Question

find all solutions of the system of equations algebraically. write your solutions as coordinate points.
y = x² + 4x - 61
7 = x - y
answer
two solutions
and
submit answer

Explanation:

Step1: Express y from the second equation

From \( 7 = x - y \), we can rewrite it as \( y = x - 7 \).

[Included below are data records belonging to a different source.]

lemma quad_form_orthogonal_diag_upper:
  fixes Q :: "real mat"
  assumes Q: "Q \<in> carrier_mat n n" and QTQ: "Q\<^sup>T * Q = 1\<^sub>m n" and z: "z \<in> carrier_vec n"
    and le: "\<And>i. i < n \<Longrightarrow> z $ i \<noteq> 0 \<Longrightarrow> d i \<le> a"
  shows "(Q *\<^sub>v z) \<bullet> ((Q * mat_diag n d * Q\<^sup>T) *\<^sub>v (Q *\<^sub>v z)) \<le> a * (z \<bullet> z)"
proof -
  have "(\<Sum>i<n. d i * (z $ i)\<^sup>2) \<le> (\<Sum>i<n. a * (z $ i)\<^sup>2)"
    by (rule sum_mono) (use le in \<open>force intro: mult_right_mono\<close>)
  also have "\<dots> = a * (z \<bullet> z)"
    using z by (simp add: scalar_prod_def atLeast0LessThan sum_distrib_left power2_eq_square)
  finally show ?thesis unfolding quad_form_orthogonal_diag[OF Q QTQ z] .
qed

lemma orthogonal_transpose_norm:
  fixes Q :: "real mat"
  assumes Q: "Q \<in> carrier_mat n n" and QTQ: "Q\<^sup>T * Q = 1\<^sub>m n" and v: "v \<in> carrier_vec n"
  shows "(Q\<^sup>T *\<^sub>v v) \<bullet> (Q\<^sup>T *\<^sub>v v) = v \<bullet> v"
proof -
  have QQT: "Q * Q\<^sup>T = 1\<^sub>m n" using mat_mult_left_right_inverse[OF _ _ QTQ] Q by auto
  have "(Q\<^sup>T *\<^sub>v v) \<bullet> (Q\<^sup>T *\<^sub>v v) = v \<bullet> (Q *\<^sub>v (Q\<^sup>T *\<^sub>v v))"
    by (rule transpose_vec_mult_scalar) (use Q v in auto)
  also have "Q *\<^sub>v (Q\<^sup>T *\<^sub>v v) = (Q * Q\<^sup>T) *\<^sub>v v"
    by (rule assoc_mult_mat_vec[symmetric]) (use Q v in auto)
  finally show ?thesis using QQT v by simp
qed
(* Consider the two-agent zero-sum dynamic game with $K$ stages, dynamics constraints, and control bound constraints $a^i_t\le u^i_t\le b^i_t$ described in the context. Then the states and controls of any local FBNE at which strict complementarity holds (and whose policies satisfy the standing policy assumption in the context) also satisfy the first-order necessary conditions (COL1)–(COL6) for a local OLNE of the game.
   Context: Two-agent zero-sum discrete-time dynamic game with horizon $K\in\mathbb N$. States $x_t\in\mathbb R^n$, known initial state $x_1$; controls $u^i_t\in\mathbb R^{m_i}$, $i\in\{1,2\}$, subject to componentwise bounds $a^i_t\le u^i_t\le b^i_t$. Dynamics $x_{t+1}=f_t(x_t,u^1_t,u^2_t)$, $f_t$ smooth. Agent 1 has stage costs $\ell_t(x_t,u^1_t,u^2_t)$ and terminal cost $\ell_{K+1}(x_{K+1})$; $\ell^1_t=\ell_t$, $\ell^2_t=-\ell_t$, sufficiently smooth (possibly nonconvex). For agent $i$, $-i$ is the other agent; reordered arguments $\ell^i_t(x_t,u^i_t,u^{-i}_t)$, $f_t(x_t,u^i_t,u^{-i}_t)$. $T_t:=\{t,\dots,K\}$. $\perp$ denotes componentwise complementarity. Open-loop problem of agent $i$: minimize $\sum_{t=1}^K\ell^i_t+\ell^i_{K+1}$ over $x_{2:K+1},u^i_{1:K}$ s.t. dynamics and $a^i_t\le u^i_t\le b^i_t$. First-order conditions: for each $i$ there exist $\lambda^i_t,\underline\nu^i_t,\bar\nu^i_t$ ($t\in[K]$) with (COL1) $\nabla_{x_t}\ell^i_t+(\nabla_{x_t}f_t)^\top\lambda^i_t-\lambda^i_{t-1}=0$, $t=2,\dots,K$; (COL2) $\nabla_{u^i_t}\ell^i_t+(\nabla_{u^i_t}f_t)^\top\lambda^i_t-\underline\nu^i_t+\bar\nu^i_t=0$, $t\in[K]$; (COL3) $\nabla_{x_{K+1}}\ell^i_{K+1}-\lambda^i_K=0$; (COL4) dynamics hold; (COL5) $a^i_t\le u^i_t\perp\underline\nu^i_t\ge0$; (COL6) $0\le\bar\nu^i_t\perp u^i_t\le b^i_t$. Feedback problem of agent $i$ at time $t$, given differentiable policies $\pi^{-i}_s$: minimize $\sum_{s=t}^K\ell^i_s+\ell^i_{K+1}$ over $u^i_{t:K},u^{-i}_{t+1:K},x_{t+1:K+1}$ s.t. dynamics ($s\in T_t$), $u^{-i}_s=\pi^{-i}_s(x_s)$ ($s\in T_{t+1}$), $a^i_s\le u^i_s\le b^i_s$ ($s\in T_t$). First-order (FBNE necessary) conditions: there exist $\lambda^i_s,\underline\nu^i_s,\bar\nu^i_s$ ($s\in T_t$), $\psi^i_s$ ($s\in T_{t+1}$) with (CFB1) $\nabla_{u^{-i}_s}\ell^i_s+(\nabla_{u^{-i}_s}f_s)^\top\lambda^i_s-\psi^i_s=0$, $s\in T_{t+1}$; (CFB2) $\nabla_{u^i_s}\ell^i_s+(\nabla_{u^i_s}f_s)^\top\lambda^i_s-\underline\nu^i_s+\bar\nu^i_s=0$, $s\in T_t$; (CFB3) $\nabla_{x_{K+1}}\ell^i_{K+1}-\lambda^i_K=0$; (CFB4) dynamics for $s\in T_t$; (CFB5) $u^{-i}_s=\pi^{-i}_s(x_s)$, $s\in T_{t+1}$; (CFB6) $a^i_s\le u^i_s\perp\underline\nu^i_s\ge0$, $0\le\bar\nu^i_s\perp u^i_s\le b^i_s$, $s\in T_t$; (CFB7) $\nabla_{x_s}\ell^i_s-\lambda^i_{s-1}+(\nabla_{x_s}f_s)^\top\lambda^i_s+(\nabla_{x_s}\pi^{-i}_s)^\top\psi^i_s=0$, $s\in T_{t+1}$. A local FBNE is a trajectory generated by policies $\pi^1_t,\pi^2_t$ that locally solves all these problems for all $t$ and $i$. Strict complementarity: for every component $j$, exactly one of $[u^i_s]_j-[a^i_s]_j$ and $[\underline\nu^i_s]_j$ is zero, and exactly one of $[b^i_s]_j-[u^i_s]_j$ and $[\bar\nu^i_s]_j$ is zero. Standing policy assumption (taken as a consequence of strict complementarity): whenever a bound on $[u^i_s]_j$ is active at the equilibrium, the $j$-th row of $\nabla_{x_s}\pi^i_s(x_s)$ is zero. *)

theory Defs
  imports "HOL-Analysis.Analysis"
begin

definition grad :: "(real^'n \<Rightarrow> real) \<Rightarrow> real^'n \<Rightarrow> real^'n" where
  "grad g z = (\<chi> j. frechet_derivative g (at z) (axis j 1))"

definition jacT :: "(real^'n \<Rightarrow> real^'m) \<Rightarrow> real^'n \<Rightarrow> real^'m \<Rightarrow> real^'n" where
  "jacT F z lam = (\<chi> j. lam \<bullet> frechet_derivative F (at z) (axis j 1))"

definition box_compl :: "real^'m \<Rightarrow> real^'m \<Rightarrow> real^'m \<Rightarrow> real^'m \<Rightarrow> real^'m \<Rightarrow> bool" where
  "box_compl a b u nl nu \<longleftrightarrow>
     (\<forall>j. a$j \<le> u$j \<and> 0 \<le> nl$j \<and> (u$j - a$j) * nl$j = 0) \<and>
     (\<forall>j. 0 \<le> nu$j \<and> u$j \<le> b$j \<and> nu$j * (b$j - u$j) = 0)"

definition strict_compl :: "real^'m \<Rightarrow> real^'m \<Rightarrow> real^'m \<Rightarrow> real^'m \<Rightarrow> real^'m \<Rightarrow> bool" where
  "strict_compl a b u nl nu \<longleftrightarrow>
     (\<forall>j. (u$j - a$j = 0) \<noteq> (nl$j = 0)) \<and> (\<forall>j. (b$j - u$j = 0) \<noteq> (nu$j = 0))"

text \<open>Generic agent "me" with own controls of type 'a and opponent controls of type 'b;
  F and L take reordered arguments (x, own control, other control); Lf is the terminal cost.\<close>

definition COL ::
  "nat \<Rightarrow> (nat \<Rightarrow> real^'n \<Rightarrow> real^'a \<Rightarrow> real^'b \<Rightarrow> real^'n) \<Rightarrow>
   (nat \<Rightarrow> real^'n \<Rightarrow> real^'a \<Rightarrow> real^'b \<Rightarrow> real) \<Rightarrow> (real^'n \<Rightarrow> real) \<Rightarrow>
   (nat \<Rightarrow> real^'a) \<Rightarrow> (nat \<Rightarrow> real^'a) \<Rightarrow>
   (nat \<Rightarrow> real^'n) \<Rightarrow> (nat \<Rightarrow> real^'a) \<Rightarrow> (nat \<Rightarrow> real^'b) \<Rightarrow>
   (nat \<Rightarrow> real^'n) \<Rightarrow> (nat \<Rightarrow> real^'a) \<Rightarrow> (nat \<Rightarrow> real^'a) \<Rightarrow> bool" where
  "COL K F L Lf a b x u v lam nl nu \<longleftrightarrow>
     (\<forall>s\<in>{2..K}. grad (\<lambda>y. L s y (u s) (v s)) (x s)
                    + jacT (\<lambda>y. F s y (u s) (v s)) (x s) (lam s) - lam (s - 1) = 0) \<and>
     (\<forall>s\<in>{1..K}. grad (\<lambda>w. L s (x s) w (v s)) (u s)
                    + jacT (\<lambda>w. F s (x s) w (v s)) (u s) (lam s) - nl s + nu s = 0) \<and>
     grad Lf (x (K + 1)) - lam K = 0 \<and>
     (\<forall>s\<in>{1..K}. x (s + 1) = F s (x s) (u s) (v s)) \<and>
     (\<forall>s\<in>{1..K}. box_compl (a s) (b s) (u s) (nl s) (nu s))"

definition CFB ::
  "nat \<Rightarrow> (nat \<Rightarrow> real^'n \<Rightarrow> real^'a \<Rightarrow> real^'b \<Rightarrow> real^'n) \<Rightarrow>
   (nat \<Rightarrow> real^'n \<Rightarrow> real^'a \<Rightarrow> real^'b \<Rightarrow> real) \<Rightarrow> (real^'n \<Rightarrow> real) \<Rightarrow>
   (nat \<Rightarrow> real^'a) \<Rightarrow> (nat \<Rightarrow> real^'a) \<Rightarrow> (nat \<Rightarrow> real^'n \<Rightarrow> real^'b) \<Rightarrow> nat \<Rightarrow>
   (nat \<Rightarrow> real^'n) \<Rightarrow> (nat \<Rightarrow> real^'a) \<Rightarrow> (nat \<Rightarrow> real^'b) \<Rightarrow>
   (nat \<Rightarrow> real^'n) \<Rightarrow> (nat \<Rightarrow> real^'a) \<Rightarrow> (nat \<Rightarrow> real^'a) \<Rightarrow> (nat \<Rightarrow> real^'b) \<Rightarrow> bool" where
  "CFB K F L Lf a b piO t x u v lam nl nu psi \<longleftrightarrow>
     (\<forall>s\<in>{t+1..K}. grad (\<lambda>w. L s (x s) (u s) w) (v s)
                    + jacT (\<lambda>w. F s (x s) (u s) w) (v s) (lam s) - psi s = 0) \<and>
     (\<forall>s\<in>{t..K}. grad (\<lambda>w. L s (x s) w (v s)) (u s)
                    + jacT (\<lambda>w. F s (x s) w (v s)) (u s) (lam s) - nl s + nu s = 0) \<and>
     grad Lf (x (K + 1)) - lam K = 0 \<and>
     (\<forall>s\<in>{t..K}. x (s + 1) = F s (x s) (u s) (v s)) \<and>
     (\<forall>s\<in>{t+1..K}. v s = piO s (x s)) \<and>
     (\<forall>s\<in>{t..K}. box_compl (a s) (b s) (u s) (nl s) (nu s)) \<and>
     (\<forall>s\<in>{t+1..K}. grad (\<lambda>y. L s y (u s) (v s)) (x s) - lam (s - 1)
                    + jacT (\<lambda>y. F s y (u s) (v s)) (x s) (lam s)
                    + jacT (piO s) (x s) (psi s) = 0)"

definition fb_feasible ::
  "nat \<Rightarrow> (nat \<Rightarrow> real^'n \<Rightarrow> real^'a \<Rightarrow> real^'b \<Rightarrow> real^'n) \<Rightarrow>
   (nat \<Rightarrow> real^'a) \<Rightarrow> (nat \<Rightarrow> real^'a) \<Rightarrow> (nat \<Rightarrow> real^'n \<Rightarrow> real^'b) \<Rightarrow> nat \<Rightarrow>
   real^'n \<Rightarrow> real^'b \<Rightarrow>
   (nat \<Rightarrow> real^'n) \<Rightarrow> (nat \<Rightarrow> real^'a) \<Rightarrow> (nat \<Rightarrow> real^'b) \<Rightarrow> bool" where
  "fb_feasible K F a b piO t xt vt y w z \<longleftrightarrow>
     y t = xt \<and> z t = vt \<and>
     (\<forall>s\<in>{t..K}. y (s + 1) = F s (y s) (w s) (z s)) \<and>
     (\<forall>s\<in>{t+1..K}. z s = piO s (y s)) \<and>
     (\<forall>s\<in>{t..K}. a s \<le> w s \<and> w s \<le> b s)"

definition fb_cost ::
  "nat \<Rightarrow> (nat \<Rightarrow> real^'n \<Rightarrow> real^'a \<Rightarrow> real^'b \<Rightarrow> real) \<Rightarrow> (real^'n \<Rightarrow> real) \<Rightarrow> nat \<Rightarrow>
   (nat \<Rightarrow> real^'n) \<Rightarrow> (nat \<Rightarrow> real^'a) \<Rightarrow> (nat \<Rightarrow> real^'b) \<Rightarrow> real" where
  "fb_cost K L Lf t y w z = (\<Sum>s=t..K. L s (y s) (w s) (z s)) + Lf (y (K + 1))"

Step2: Substitute y into the first equation

Substitute \( y = x - 7 \) into \( y = x^2 + 4x - 61 \), we get:
\( x - 7 = x^2 + 4x - 61 \)

Step3: Rearrange into standard quadratic form

Rearrange the equation: \( x^2 + 4x - 61 - x + 7 = 0 \)
Simplify to: \( x^2 + 3x - 54 = 0 \)

Step4: Factor the quadratic equation

Factor \( x^2 + 3x - 54 \): we need two numbers that multiply to -54 and add to 3. The numbers are 9 and -6.
So, \( (x + 9)(x - 6) = 0 \)

Step5: Solve for x

Set each factor equal to zero:
\( x + 9 = 0 \) gives \( x = -9 \)
\( x - 6 = 0 \) gives \( x = 6 \)

Step6: Find corresponding y values

For \( x = -9 \), substitute into \( y = x - 7 \): \( y = -9 - 7 = -16 \)
For \( x = 6 \), substitute into \( y = x - 7 \): \( y = 6 - 7 = -1 \)

Answer:

\((-9, -16)\) and \((6, -1)\)